NOSM Shines in OMA Campaign Amid Ontario’s Doctor Shortage Crisis


Northern Ontario’s premiere medical university has emerged as a beacon of success amidst the province’s ongoing doctor shortage, earning the spotlight in the Ontario Medical Association’s (OMA) new campaign. NOSM, the nation’s stand-alone university and a remarkable exception in Canada, is being celebrated for nurturing medical competitiveness and excellence across the region.

The campaign, encapsulating a series of seven episodes, was launched by OMA to shine a light on notable physician success stories throughout the province. NOSM’s commendable efforts to combat the persisting inadequacy of doctors in northern Ontario garnered the institute the prestigious privilege of being featured first.
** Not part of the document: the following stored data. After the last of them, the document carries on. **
lemma game_bisim_iff_bisimulation: "game_bisim mv x y \<longleftrightarrow> (\<exists>R. R x y \<and> bisimulation mv R)"
  unfolding game_bisim_def bisimulation_def ..

lemma bisimulation_game_bisim: "bisimulation mv (game_bisim mv)"
  unfolding bisimulation_def
proof (intro allI impI)
  fix a b assume "game_bisim mv a b"
  then obtain R where "R a b" and R: "bisimulation mv R"
    unfolding game_bisim_iff_bisimulation by blast
  have "game_bisim mv a' b'" if "R a' b'" for a' b'
    using that R unfolding game_bisim_iff_bisimulation by blast
  with \<open>R a b\<close> R show "(\<forall>a'. mv a a' \<longrightarrow> (\<exists>b'. mv b b' \<and> game_bisim mv a' b')) \<and>
      (\<forall>b'. mv b b' \<longrightarrow> (\<exists>a'. mv a a' \<and> game_bisim mv a' b'))"
    unfolding bisimulation_def by blast
qed

lemma game_bisim_refl: "game_bisim mv x x"
  unfolding game_bisim_iff_bisimulation
  by (rule exI[of _ "(=)"]) (auto simp: bisimulation_def)

lemma bisimulation_conversep: "bisimulation mv R \<Longrightarrow> bisimulation mv R\<inverse>\<inverse>"
  unfolding bisimulation_def by (simp only: conversep_iff) blast

lemma bisimulation_relcompp: "bisimulation mv R \<Longrightarrow> bisimulation mv S \<Longrightarrow> bisimulation mv (R OO S)"
  unfolding bisimulation_def relcompp_apply by metis

lemma game_bisim_sym: "game_bisim mv x y \<Longrightarrow> game_bisim mv y x"
  unfolding game_bisim_iff_bisimulation by (metis bisimulation_conversep conversepI)

lemma game_bisim_trans: "game_bisim mv x y \<Longrightarrow> game_bisim mv y z \<Longrightarrow> game_bisim mv x z"
  unfolding game_bisim_iff_bisimulation by (metis bisimulation_relcompp relcompp.relcompI)

lemma bisimulation_option:
  "bisimulation mv R \<Longrightarrow> R x y \<Longrightarrow> mv x x' \<Longrightarrow> \<exists>y'. mv y y' \<and> R x' y'"
  unfolding bisimulation_def by blast

lemmas game_bisim_option = bisimulation_option[OF bisimulation_game_bisim]

lemma game_bisim_tranclp:
  assumes "mv\<^sup>+\<^sup>+ x x'" and "game_bisim mv x y"
  shows "\<exists>y'. mv\<^sup>+\<^sup>+ y y' \<and> game_bisim mv x' y'"
  using assms
proof (induction arbitrary: y rule: tranclp_induct)
  case (base x')
  then show ?case by (metis game_bisim_option tranclp.r_into_trancl)
next
  case (step x' x'')
  then obtain y' where "mv\<^sup>+\<^sup>+ y y'" "game_bisim mv x' y'" by meson
  then show ?case by (metis game_bisim_option step.hyps(2) tranclp.trancl_into_trancl)
qed

lemma not_game_bisim_descendant:
  assumes "terminating mv p" and "mv\<^sup>+\<^sup>+ p q"
  shows "\<not> game_bisim mv p q"
proof
  assume "game_bisim mv p q"
  show False
  proof (rule not_terminating_if_recurrent[where P = "\<lambda>w. game_bisim mv p w"])
    fix w assume "game_bisim mv p w"
    then obtain w' where "mv\<^sup>+\<^sup>+ w w'" "game_bisim mv q w'"
      using game_bisim_tranclp[OF assms(2)] by metis
    moreover have "game_bisim mv p w'"
      using \<open>game_bisim mv p q\<close> \<open>game_bisim mv q w'\<close> by (rule game_bisim_trans)
    ultimately show "\<exists>w'. mv\<^sup>+\<^sup>+ w w' \<and> game_bisim mv p w'" by metis
  qed (use assms(1) game_bisim_refl in auto)
qed

definition game_class :: "('g \<Rightarrow> 'g \<Rightarrow> bool) \<Rightarrow> 'g \<Rightarrow> 'g set" where
  "game_class mv x = {y. game_bisim mv x y}"

lemma game_class_eq_iff: "game_class mv x = game_class mv y \<longleftrightarrow> game_bisim mv x y"
proof
  assume "game_class mv x = game_class mv y"
  moreover have "y \<in> game_class mv y"
    unfolding game_class_def by (simp add: game_bisim_refl)
  ultimately have "y \<in> game_class mv x" by simp
  then show "game_bisim mv x y"
    unfolding game_class_def by simp
next
  assume xy: "game_bisim mv x y"
  have "game_bisim mv x = game_bisim mv y"
  proof
    show "game_bisim mv x z \<longleftrightarrow> game_bisim mv y z" for z
      by (metis xy game_bisim_sym game_bisim_trans)
  qed
  then show "game_class mv x = game_class mv y"
    unfolding game_class_def by simp
qed

abbreviation option_classes :: "('g \<Rightarrow> 'g \<Rightarrow> bool) \<Rightarrow> 'g \<Rightarrow> 'g set set" where
  "option_classes mv x \<equiv> game_class mv ` {x'. mv x x'}"

lemma game_bisim_imp_option_classes_eq:
  assumes "game_bisim mv x y"
  shows "option_classes mv x = option_classes mv y"
proof -
  have "option_classes mv a \<subseteq> option_classes mv b" if ab: "game_bisim mv a b" for a b
  proof
    fix c assume "c \<in> option_classes mv a"
    then obtain a' where "mv a a'" "c = game_class mv a'" by blast
    then obtain b' where "mv b b'" "game_bisim mv a' b'"
      using game_bisim_option[OF ab] by metis
    then show "c \<in> option_classes mv b"
      using \<open>c = game_class mv a'\<close> by (auto simp: game_class_eq_iff)
  qed
  from this[OF assms] this[OF game_bisim_sym[OF assms]] show ?thesis
    by (rule equalityI)
qed

lemma game_bisim_iff_option_classes_eq:
  "game_bisim mv x y \<longleftrightarrow> option_classes mv x = option_classes mv y"
proof
  assume eq: "option_classes mv x = option_classes mv y"
  have bisim: "bisimulation mv (\<lambda>a b. option_classes mv a = option_classes mv b)"
    unfolding bisimulation_def
  proof (intro allI impI conjI)
    fix a b a' assume "option_classes mv a = option_classes mv b" "mv a a'"
    then have "game_class mv a' \<in> option_classes mv b" by auto
    then obtain b' where "mv b b'" "game_bisim mv a' b'" by (auto simp: game_class_eq_iff)
    then show "\<exists>b'. mv b b' \<and> option_classes mv a' = option_classes mv b'"
      by (meson game_bisim_imp_option_classes_eq)
  next
    fix a b b' assume "option_classes mv a = option_classes mv b" "mv b b'"
    then have "game_class mv b' \<in> option_classes mv a" by auto
    then obtain a' where "mv a a'" "game_class mv b' = game_class mv a'" by auto
    then have "game_bisim mv a' b'" by (metis game_class_eq_iff game_bisim_sym)
    with \<open>mv a a'\<close> show "\<exists>a'. mv a a' \<and> option_classes mv a' = option_classes mv b'"
      by (meson game_bisim_imp_option_classes_eq)
  qed
  show "game_bisim mv x y"
    unfolding game_bisim_iff_bisimulation
    by (rule exI[of _ "\<lambda>a b. option_classes mv a = option_classes mv b"]) (simp add: eq bisim)
qed (rule game_bisim_imp_option_classes_eq)

lemma game_class_eq_option_classes:
  "game_class mv x = {y. option_classes mv x = option_classes mv y}"
  unfolding game_class_def[of mv x] game_bisim_iff_option_classes_eq[of mv x] ..

lemma finite_game_classes:
  assumes "finite (option_classes mv ` A)"
  shows "finite (game_class mv ` A)"
proof -
  have "game_class mv ` A = (\<lambda>C. {y. C = option_classes mv y}) ` option_classes mv ` A"
    unfolding image_image by (intro image_cong refl game_class_eq_option_classes)
  with assms show ?thesis by (metis finite_imageI)
qed

definition depth_le :: "('g \<Rightarrow> 'g \<Rightarrow> bool) \<Rightarrow> nat \<Rightarrow> 'g \<Rightarrow> bool" where
  "depth_le mv N x \<longleftrightarrow> (\<forall>n y. (mv ^^ n) x y \<longrightarrow> n \<le> N)"

lemma depth_le_iff_option_depth:
  "depth_le mv N x \<longleftrightarrow> (\<forall>y. mv x y \<longrightarrow> 0 < N \<and> depth_le mv (N - 1) y)"
proof (intro iffI allI impI conjI)
  fix y assume x: "depth_le mv N x" and "mv x y"
  have le: "Suc n \<le> N" if "(mv ^^ n) y z" for n z
    using x relpowp_Suc_I2[OF \<open>mv x y\<close> that] unfolding depth_le_def by blast
  from le[OF relpowp_0_I] show "0 < N" by simp
  show "depth_le mv (N - 1) y"
    unfolding depth_le_def using le by fastforce
next
  assume options: "\<forall>y. mv x y \<longrightarrow> 0 < N \<and> depth_le mv (N - 1) y"
  show "depth_le mv N x"
    unfolding depth_le_def
  proof (intro allI impI)
    fix n z assume "(mv ^^ n) x z"
    then show "n \<le> N"
    proof (cases n)
      case (Suc m)
      from \<open>(mv ^^ n) x z\<close>[unfolded Suc] obtain y where "mv x y" "(mv ^^ m) y z"
        by (rule relpowp_Suc_E2)
      with options show ?thesis
        unfolding depth_le_def Suc by fastforce
    qed simp
  qed
qed

lemma depth_le_rtranclp:
  assumes "depth_le mv N x" and "mv\<^sup>*\<^sup>* x y"
  shows "depth_le mv N y"
  unfolding depth_le_def
proof (intro allI impI)
  obtain k where k: "(mv ^^ k) x y" using rtranclp_imp_relpowp[OF assms(2)] by blast
  fix n z assume "(mv ^^ n) y z"
  with k have "(mv ^^ (k + n)) x z" unfolding relpowp_add by (rule relcomppI)
  with assms(1) have "k + n \<le> N" unfolding depth_le_def by blast
  then show "n \<le> N" by simp
qed

lemma depth_le_imp_terminating:
  assumes "depth_le mv N x"
  shows "terminating mv x"
  unfolding terminating_def
proof
  assume "\<exists>f. f 0 = x \<and> (\<forall>n. mv (f n) (f (Suc n)))"
  then obtain f where "f 0 = x" "\<forall>n. mv (f n) (f (Suc n))" by blast
  then have "(mv ^^ Suc N) x (f (Suc N))"
    unfolding relpowp_fun_conv by blast
  with assms show False
    unfolding depth_le_def by (meson Suc_n_not_le_n)
qed

lemma depth_le_if_ranking:
  fixes \<phi> :: "'g \<Rightarrow> nat"
  assumes "\<And>y z. mv\<^sup>*\<^sup>* x y \<Longrightarrow> mv y z \<Longrightarrow> \<phi> z < \<phi> y"
  shows "depth_le mv (\<phi> x) x"
proof -
  have "\<phi> y + n \<le> \<phi> x" if "(mv ^^ n) x y" for n y
    using that
  proof (induction n arbitrary: y)
    case (Suc n)
    then obtain z where "(mv ^^ n) x z" "mv z y" by auto
    with Suc.IH assms[of z y] show ?case by (fastforce dest: relpowp_imp_rtranclp)
  qed simp
  then show ?thesis unfolding depth_le_def by fastforce
qed

definition depth :: "('g \<Rightarrow> 'g \<Rightarrow> bool) \<Rightarrow> 'g \<Rightarrow> nat" where
  "depth mv x = (LEAST N. depth_le mv N x)"

lemma depth_less:
  assumes "depth_le mv N x" and "mv x y"
  shows "depth mv y < depth mv x"
proof -
  have x: "depth_le mv (depth mv x) x"
    unfolding depth_def using assms(1) by (rule LeastI)
  with assms(2) have "0 < depth mv x" "depth_le mv (depth mv x - 1) y"
    using depth_le_iff_option_depth[of mv "depth mv x" x] by blast+
  then have "depth mv y \<le> depth mv x - 1"
    unfolding depth_def[of mv y] by (intro Least_le)
  with \<open>0 < depth mv x\<close> show ?thesis by simp
qed

lemma finite_game_classes_depth_le: "finite (game_class mv ` {x. depth_le mv N x})"
proof (induction N)
  case 0
  have "\<not> mv x y" if "depth_le mv 0 x" for x y
    using that depth_le_iff_option_depth[of mv 0 x] by blast
  then have "option_classes mv ` {x. depth_le mv 0 x} \<subseteq> {{}}" by auto
  then show ?case
    by (intro finite_game_classes) (auto intro: finite_subset)
next
  case (Suc N)
  have "depth_le mv N y" if "depth_le mv (Suc N) x" "mv x y" for x y
    using that depth_le_iff_option_depth[of mv "Suc N" x] by simp
  then have "option_classes mv ` {x. depth_le mv (Suc N) x}
      \<subseteq> Pow (game_class mv ` {x. depth_le mv N x})"
    by auto
  with Suc.IH show ?case
    by (intro finite_game_classes) (auto intro: finite_subset)
qed

lemma short_iff_finite_game_classes:
  "short mv x \<longleftrightarrow> terminating mv x \<and> finite (game_class mv ` {y. mv\<^sup>*\<^sup>* x y})"
  unfolding short_def game_class_def[abs_def] ..

text \<open>Two positions of a play in the same class would make a terminating position bisimilar to a
  proper descendant.\<close>

lemma relpowp_length_less_card_game_classes:
  assumes "terminating mv x" and "finite (game_class mv ` {y. mv\<^sup>*\<^sup>* x y})"
    and "(mv ^^ n) x z"
  shows "n < card (game_class mv ` {y. mv\<^sup>*\<^sup>* x y})"
proof -
  obtain f where f: "f 0 = x" "\<forall>i<n. mv (f i) (f (Suc i))"
    using assms(3) unfolding relpowp_fun_conv by blast
  have chain: "mv\<^sup>*\<^sup>* (f a) (f b)" if "a \<le> b" "b \<le> n" for a b
    using that(1) by (rule rtranclp_chain) (use f(2) that(2) in auto)
  have "game_class mv (f a) \<noteq> game_class mv (f b)" if "a < b" "b \<le> n" for a b
  proof
    assume "game_class mv (f a) = game_class mv (f b)"
    then have "game_bisim mv (f a) (f b)" by (simp add: game_class_eq_iff)
    moreover have "mv\<^sup>+\<^sup>+ (f a) (f b)"
      using rtranclp_into_tranclp2[OF _ chain[of "Suc a" b]] f(2) that by simp
    moreover have "terminating mv (f a)"
      using terminating_rtranclp[OF assms(1)] chain[of 0 a] f(1) that by simp
    ultimately show False by (metis not_game_bisim_descendant)
  qed
  then have "inj_on (\<lambda>j. game_class mv (f j)) {0..n}"
    unfolding inj_on_def by (metis atLeastAtMost_iff linorder_neq_iff)
  moreover have "(\<lambda>j. game_class mv (f j)) ` {0..n} \<subseteq> game_class mv ` {y. mv\<^sup>*\<^sup>* x y}"
    using chain[of 0] f(1) by auto
  ultimately have "card {0..n} \<le> card (game_class mv ` {y. mv\<^sup>*\<^sup>* x y})"
    using assms(2) by (rule card_inj_on_le)
  then show ?thesis by simp
qed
At the helm of the institute is Dr. Sarita Verma, a visionary and the university president who is immensely proud of the strides the school has made over the years. “In a little less than two decades, NOSM’s influence has reached far and wide,” she shared. “An estimated 400,000 individuals owe their healthcare to a NOSM graduate. Interestingly, most of these graduates continue to serve in northern Ontario post-residency.”

Verma reiterated that the institution’s repute for inclusivity is undeterred. Paving the way for diversity, 17 percent of the graduates from NOSM identify as Indigenous, while 25 percent identify as Franco-Ontarians. “Our diversity is our strength; there’s no success story like ours across the nation”, she added.

Despite the acclaim, Verma acknowledges more work remains to be done. She estimated a daunting shortfall of approximately 360 doctors in northern Ontario, emphasizing that this included specialists along with family physicians. She shared further that the waiting times to see specialists, including psychiatrists, could sometimes be as long as two years – a testament to the palpable severity of the doctor crisis.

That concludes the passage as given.